Мария шмыгнула носом и, несмотря на доводы сестры, попыталась найти опору в благочестии.
– Мне кажется. Роза… мне кажется, что наша мама была бы рада, и еще мне кажется, что тебе самой стало бы легче на душе, если бы ты испросила прощения у пречистой девы и у святой Розы.
Лицо Розы расплылось в широкой улыбке, и она заключила Марию в объятия.
– Именно это я и сделала. Как только он ушел. Он еще и через порог не переступил, а я уже сделала это.
Мария вырвалась из ее рук и, горько плача, убежала в спальню. Десять минут простояла она на коленях перед висевшей на стене маленькой статуэткой Мадонны. Потом встала и устремилась в объятия Розы.
– Роза, сестренка! — воскликнула она счастливым голосом. — Я думаю… мне кажется, я тоже стану поощрять посетителей.
Сестры Лопес стиснули друг друга в могучих объятиях и на радостях дружно разрыдались.
Этот день знаменовал собой поворотный пункт в предприятии сестер Лопес. Нельзя сказать, что дела их пришли в цветущее состояние, и все же они продавали столько «испанских блюд», что голодными теперь не были, а их широкие спины обтягивали обновки из набивных ситцев. Они по-прежнему были безукоризненно благочестивы. Стоило какой-нибудь из них согрешить, и она тут же устремлялась к крошечной фарфоровой Мадонне, для удобства помещенной теперь в прихожей, куда выходили обе спальни, и испрашивала у нее прощения. Накапливать грехи не разрешалось. В каждом новом прегрешении они каялись сразу же после того, как оно было совершено. На полу против Мадонны образовалось блестящее местечко: здесь преклоняли колени одетые в ночные сорочки сестры.
Они не жаловались на жизнь. Между ними не возникало ни тени соперничества, ибо хотя Роза была постарше и посмелее, с виду они походили друг на дружку почти как две капли воды. Мария была чуть потолще. Роза — чуть повыше, вот вам и вся разница.

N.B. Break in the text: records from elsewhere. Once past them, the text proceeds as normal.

(* Let $\ell\ge1$ be an integer and $p$ an integer with $-1\le p\le \ell-1$. Then, as an identity of meromorphic functions of $x$, $$\Delta^\ell\left[\binom{x+p}{\ell}\psi(x)\right] = H_\ell+\psi(x+p+1),$$ where $\Delta g(x)=g(x+1)-g(x)$ is the forward difference operator.
   Context: $\psi=\Gamma'/\Gamma$ is the digamma function, $H_\ell=1+\frac12+\cdots+\frac1\ell$ the harmonic number, and $\binom{x}{n}=\frac{x(x-1)\cdots(x-n+1)}{n!}$ the generalized binomial coefficient. *)

theory Defs
  imports "HOL-Analysis.Analysis"
begin

definition fwd_diff :: "(complex \<Rightarrow> complex) \<Rightarrow> complex \<Rightarrow> complex" where
  "fwd_diff g = (\<lambda>x. g (x + 1) - g x)"

end

theory Submission
  imports Defs
begin

text \<open>
  Write \<open>F\<^sub>l\<^sub>,\<^sub>p(z) = (z+p gchoose l) \<psi>(z)\<close>. Pascal's rule together with
  \<open>\<psi>(z+1) = \<psi>(z) + 1/z\<close> gives \<open>\<Delta>F\<^sub>l\<^sub>+\<^sub>1\<^sub>,\<^sub>p = F\<^sub>l\<^sub>,\<^sub>p + (z+p+1 gchoose l+1)/z\<close>, and
  \<open>\<Delta>\<^sup>l\<close> maps \<open>(z+a gchoose l+1)/z\<close> to the constant \<open>1/(l+1)\<close> for every \<open>0 \<le> a \<le> l\<close>
  (Pascal's rule reduces \<open>a\<close> to \<open>0\<close>, where \<open>(z gchoose l+1)/z = (z-1 gchoose l)/(l+1)\<close>).
  Hence the identity for \<open>(l, p)\<close> yields the one for \<open>(l+1, p)\<close> whenever \<open>p < l\<close>.
  In the extremal case \<open>p = l\<close>, writing \<open>\<psi>(z) = \<psi>(z+1) - 1/z\<close> turns \<open>F\<^sub>l\<^sub>+\<^sub>1\<^sub>,\<^sub>l\<close> into
  \<open>F\<^sub>l\<^sub>+\<^sub>1\<^sub>,\<^sub>l\<^sub>-\<^sub>1(z+1)\<close> minus \<open>(z+l gchoose l+1)/z\<close>, which is annihilated by \<open>\<Delta>\<^sup>l\<^sup>+\<^sup>1\<close>.
\<close>

lemma fwd_diff_iterate_Suc_apply:
  "(fwd_diff ^^ Suc n) f x = (fwd_diff ^^ n) f (x + 1) - (fwd_diff ^^ n) f x"
  by (simp add: fwd_diff_def)

lemma fwd_diff_iterate_cong:
  assumes "\<And>k. k \<le> n \<Longrightarrow> f (x + of_nat k) = g (x + of_nat k)"
  shows "(fwd_diff ^^ n) f x = (fwd_diff ^^ n) g x"
  using assms
proof (induction n arbitrary: x)
  case 0
  then show ?case using 0[of 0] by simp
next
  case (Suc n)
  have "(fwd_diff ^^ n) f x = (fwd_diff ^^ n) g x"
    using Suc.prems by (intro Suc.IH) auto
  moreover have "(fwd_diff ^^ n) f (x + 1) = (fwd_diff ^^ n) g (x + 1)"
    using Suc.prems[of "Suc _"] by (intro Suc.IH) (simp add: add_ac)
  ultimately show ?case
    by (simp only: fwd_diff_iterate_Suc_apply)
qed

lemma fwd_diff_iterate_add:
  "(fwd_diff ^^ n) (\<lambda>y. f y + g y) = (\<lambda>y. (fwd_diff ^^ n) f y + (fwd_diff ^^ n) g y)"
  by (induction n) (simp_all add: fwd_diff_def algebra_simps)

lemma fwd_diff_iterate_diff:
  "(fwd_diff ^^ n) (\<lambda>y. f y - g y) = (\<lambda>y. (fwd_diff ^^ n) f y - (fwd_diff ^^ n) g y)"
  by (induction n) (simp_all add: fwd_diff_def algebra_simps)

lemma fwd_diff_iterate_cmult:
  "(fwd_diff ^^ n) (\<lambda>y. c * f y) = (\<lambda>y. c * (fwd_diff ^^ n) f y)"
  by (induction n) (simp_all add: fwd_diff_def algebra_simps)

lemma fwd_diff_iterate_shift:
  "(fwd_diff ^^ n) (\<lambda>y. f (y + 1)) = (\<lambda>y. (fwd_diff ^^ n) f (y + 1))"
  by (induction n) (simp_all add: fwd_diff_def)

lemma fwd_diff_gbinomial:
  "fwd_diff (\<lambda>y. (y + b) gchoose Suc k) = (\<lambda>y. (y + b) gchoose k)"
  using gbinomial_Suc_Suc[of "_ + b" k] by (simp add: fwd_diff_def add_ac)

lemma fwd_diff_iterate_gbinomial:
  "(fwd_diff ^^ n) (\<lambda>y. (y + b) gchoose k) =
     (\<lambda>y. if n \<le> k then (y + b) gchoose (k - n) else 0)"
proof (induction n)
  case (Suc n)
  show ?case
  proof (cases "Suc n \<le> k")
    case True
    then have "k - n = Suc (k - Suc n)" by simp
    with True show ?thesis
      by (simp add: Suc.IH fwd_diff_gbinomial del: gbinomial_Suc_Suc)
  next
    case False
    then show ?thesis
      by (simp only: funpow.simps o_apply Suc.IH) (auto simp: fwd_diff_def)
  qed
qed simp

lemma fwd_diff_iterate_gbinomial_div:
  fixes a j m :: nat and x :: complex
  assumes "a < j" "j - 1 \<le> m" "\<And>k. k \<le> m \<Longrightarrow> x + of_nat k \<noteq> 0"
  shows "(fwd_diff ^^ m) (\<lambda>y. ((y + of_nat a) gchoose j) / y) x
           = (if m = j - 1 then 1 / of_nat j else 0)"
  using assms
proof (induction a arbitrary: j)
  case 0
  have "(fwd_diff ^^ m) (\<lambda>y. ((y + of_nat 0) gchoose j) / y) x
      = (fwd_diff ^^ m) (\<lambda>y. 1 / of_nat j * ((y + (-1)) gchoose (j - 1))) x"
    using 0 by (intro fwd_diff_iterate_cong) (simp add: gbinomial_absorption')
  also have "\<dots> = (if m = j - 1 then 1 / of_nat j else 0)"
    using 0 by (simp only: fwd_diff_iterate_cmult fwd_diff_iterate_gbinomial) simp
  finally show ?case .
next
  case (Suc a)
  then obtain i where j: "j = Suc i" by (cases j) auto
  have "(fwd_diff ^^ m) (\<lambda>y. ((y + of_nat (Suc a)) gchoose j) / y) x
      = (fwd_diff ^^ m) (\<lambda>y. ((y + of_nat a) gchoose j) / y + ((y + of_nat a) gchoose i) / y) x"
  proof (rule fwd_diff_iterate_cong)
    fix k
    show "((x + of_nat k + of_nat (Suc a)) gchoose j) / (x + of_nat k)
        = ((x + of_nat k + of_nat a) gchoose j) / (x + of_nat k)
          + ((x + of_nat k + of_nat a) gchoose i) / (x + of_nat k)"
      using gbinomial_Suc_Suc[of "x + of_nat k + of_nat a" i]
      by (simp add: j add_ac add_divide_distrib)
  qed
  also have "\<dots> = (fwd_diff ^^ m) (\<lambda>y. ((y + of_nat a) gchoose j) / y) x
                 + (fwd_diff ^^ m) (\<lambda>y. ((y + of_nat a) gchoose i) / y) x"
    by (simp add: fwd_diff_iterate_add)
  also have "(fwd_diff ^^ m) (\<lambda>y. ((y + of_nat a) gchoose j) / y) x
      = (if m = j - 1 then 1 / of_nat j else 0)"
    using Suc by (intro Suc.IH) auto
  also have "(fwd_diff ^^ m) (\<lambda>y. ((y + of_nat a) gchoose i) / y) x = 0"
    using Suc.IH[of i] Suc.prems j by auto
  finally show ?case by simp
qed

lemma fwd_diff_gbinomial_Digamma:
  fixes z c :: complex
  assumes "z \<noteq> 0"
  shows "fwd_diff (\<lambda>z. ((z + c) gchoose Suc n) * Digamma z) z
           = ((z + c) gchoose n) * Digamma z + ((z + (c + 1)) gchoose Suc n) / z"
  using gbinomial_Suc_Suc[of "z + c" n] Digamma_plus1[OF assms] assms
  by (simp add: fwd_diff_def algebra_simps add_divide_distrib)

lemma fwd_diff_iterate_Suc_gbinomial_Digamma:
  fixes x c :: complex
  assumes "\<And>k. k \<le> n \<Longrightarrow> x + of_nat k \<noteq> 0"
  shows "(fwd_diff ^^ Suc n) (\<lambda>z. ((z + c) gchoose Suc n) * Digamma z) x
           = (fwd_diff ^^ n) (\<lambda>z. ((z + c) gchoose n) * Digamma z) x
             + (fwd_diff ^^ n) (\<lambda>z. ((z + (c + 1)) gchoose Suc n) / z) x"
proof -
  have "(fwd_diff ^^ Suc n) (\<lambda>z. ((z + c) gchoose Suc n) * Digamma z) x
      = (fwd_diff ^^ n) (\<lambda>z. ((z + c) gchoose n) * Digamma z
                            + ((z + (c + 1)) gchoose Suc n) / z) x"
    unfolding funpow_Suc_right o_apply using assms
    by (intro fwd_diff_iterate_cong) (simp add: fwd_diff_gbinomial_Digamma)
  then show ?thesis by (simp add: fwd_diff_iterate_add)
qed

lemma fwd_diff_iterate_Digamma_shift:
  fixes x :: complex
  assumes "\<And>k. k \<le> m \<Longrightarrow> x + of_nat k \<noteq> 0"
  shows "(fwd_diff ^^ m) (\<lambda>z. f z * Digamma z) x
           = (fwd_diff ^^ m) (\<lambda>z. f (z - 1) * Digamma z) (x + 1)
             - (fwd_diff ^^ m) (\<lambda>z. f z / z) x"
proof -
  have "(fwd_diff ^^ m) (\<lambda>z. f z * Digamma z) x
      = (fwd_diff ^^ m) (\<lambda>z. f (z + 1 - 1) * Digamma (z + 1) - f z / z) x"
    using assms by (intro fwd_diff_iterate_cong) (simp add: Digamma_plus1 distrib_left)
  then show ?thesis
    by (simp only: fwd_diff_iterate_diff fwd_diff_iterate_shift[of m "\<lambda>z. f (z - 1) * Digamma z"])
qed

lemma fwd_diff_iterate_gbinomial_Digamma:
  fixes l :: nat and p :: int and x :: complex
  assumes "-1 \<le> p" "p \<le> int l - 1" "\<And>k. k \<le> l \<Longrightarrow> x + of_nat k \<noteq> 0"
  shows "(fwd_diff ^^ l) (\<lambda>z. ((z + of_int p) gchoose l) * Digamma z) x
           = harm l + Digamma (x + of_int p + 1)"
  using assms
proof (induction l arbitrary: p x)
  case 0
  then show ?case by (simp add: harm_def)
next
  case (Suc n)
  have below_diagonal:
    "(fwd_diff ^^ Suc n) (\<lambda>z. ((z + of_int p) gchoose Suc n) * Digamma z) x
       = harm (Suc n) + Digamma (x + of_int p + 1)"
    if p: "-1 \<le> p" "p \<le> int n - 1" and x: "\<And>k. k \<le> n \<Longrightarrow> x + of_nat k \<noteq> 0" for p x
  proof -
    have "of_int p + 1 = (of_nat (nat (p + 1)) :: complex)"
      using p by simp
    then have div: "(fwd_diff ^^ n) (\<lambda>z. ((z + (of_int p + 1)) gchoose Suc n) / z) x
                      = 1 / of_nat (Suc n)"
      using fwd_diff_iterate_gbinomial_div[of "nat (p + 1)" "Suc n" n x] p x by simp
    have "(fwd_diff ^^ Suc n) (\<lambda>z. ((z + of_int p) gchoose Suc n) * Digamma z) x
        = (fwd_diff ^^ n) (\<lambda>z. ((z + of_int p) gchoose n) * Digamma z) x
          + (fwd_diff ^^ n) (\<lambda>z. ((z + (of_int p + 1)) gchoose Suc n) / z) x"
      by (rule fwd_diff_iterate_Suc_gbinomial_Digamma[OF x])
    also have "\<dots> = harm n + Digamma (x + of_int p + 1) + 1 / of_nat (Suc n)"
      by (simp only: Suc.IH[OF p x] div)
    finally show ?thesis by (simp add: harm_Suc inverse_eq_divide)
  qed
  show ?case
  proof (cases "p \<le> int n - 1")
    case True
    then show ?thesis using Suc.prems by (intro below_diagonal) simp_all
  next
    case False
    with Suc.prems have p: "p = int n" by simp
    have "(fwd_diff ^^ Suc n) (\<lambda>z. ((z + of_int p) gchoose Suc n) * Digamma z) x
        = (fwd_diff ^^ Suc n) (\<lambda>z. ((z + of_int (int n - 1)) gchoose Suc n) * Digamma z) (x + 1)
          - (fwd_diff ^^ Suc n) (\<lambda>z. ((z + of_nat n) gchoose Suc n) / z) x"
      using fwd_diff_iterate_Digamma_shift[of "Suc n" x "\<lambda>z. (z + of_int p) gchoose Suc n"] Suc.prems(3)
      by (simp add: p algebra_simps)
    also have "\<dots> = harm (Suc n) + Digamma (x + of_int p + 1)"
      using below_diagonal[of "int n - 1" "x + 1"] Suc.prems(3)[of "Suc _"]
        fwd_diff_iterate_gbinomial_div[of n "Suc n" "Suc n" x] Suc.prems(3)
      by (simp add: p add_ac)
    finally show ?thesis .
  qed
qed

theorem lemma3p1:
  fixes l :: nat and p :: int and x :: complex
  assumes "l \<ge> 1" and "-1 \<le> p" and "p \<le> int l - 1"
    and "\<And>k. k \<le> l \<Longrightarrow> x + of_nat k \<notin> \<int>\<^sub>\<le>\<^sub>0"
  shows "(fwd_diff ^^ l) (\<lambda>z. ((z + of_int p) gchoose l) * Digamma z) x
           = harm l + Digamma (x + of_int p + 1)"
proof (rule fwd_diff_iterate_gbinomial_Digamma)
  show "-1 \<le> p" "p \<le> int l - 1" by (fact assms(2,3))+
  show "x + of_nat k \<noteq> 0" if "k \<le> l" for k
    using assms(4)[OF that] by auto
qed

end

В доме то и дело слышался хохот и радостный визг. Раскатывая на плоских камнях лепешки своими полными, сильными руками, сестры пели. Стоило кому-нибудь из посетителей сказать что-нибудь смешное, стоило, например, Тому Бремену, доедающему уже третий тамаль, изречь: «Слишком уж ты шикуешь, Роза. Смотри, если не поставишь точку, сядешь на мель», — и сестры целых полчаса просто задыхались от смеха. А потом весь день, похлопывая по лежащим на камне лепешкам, они вспоминали эту шутку и снова принимались хохотать. Да, сестры знали, как хранить смех, они умели беречь его и холить до тех пор, пока не будет выпита последняя его капля.
Не думайте, однако, что сестры злоупотребляли поощрениями — деньги они брали только за свою стряпню. Но когда кто-нибудь из посетителей съедал три порции и больше, их нежные сердца таяли, преисполнившись благодарности и человек этот становился кандидатом в поощряемые.
В один злосчастный вечер человек, который не в силах был справиться с тремя порциями энчилада, предложил Розе позорную плату. В это время в доме было еще несколько посетителей. Услышав это постыдное предложение, они прервали свой негромкий разговор. Шум смолк, наступила ужасная тишина. Мария закрыла лицо руками. Роза побледнела, потом запылала от ярости. Глаза ее сверкали, она дышала тяжело и взволнованно. Ее полные, сильные руки взметнулись, словно два орла, и опустились на бедра. Но когда она заговорила, в словах ее звучала какая-то странная сдержанность.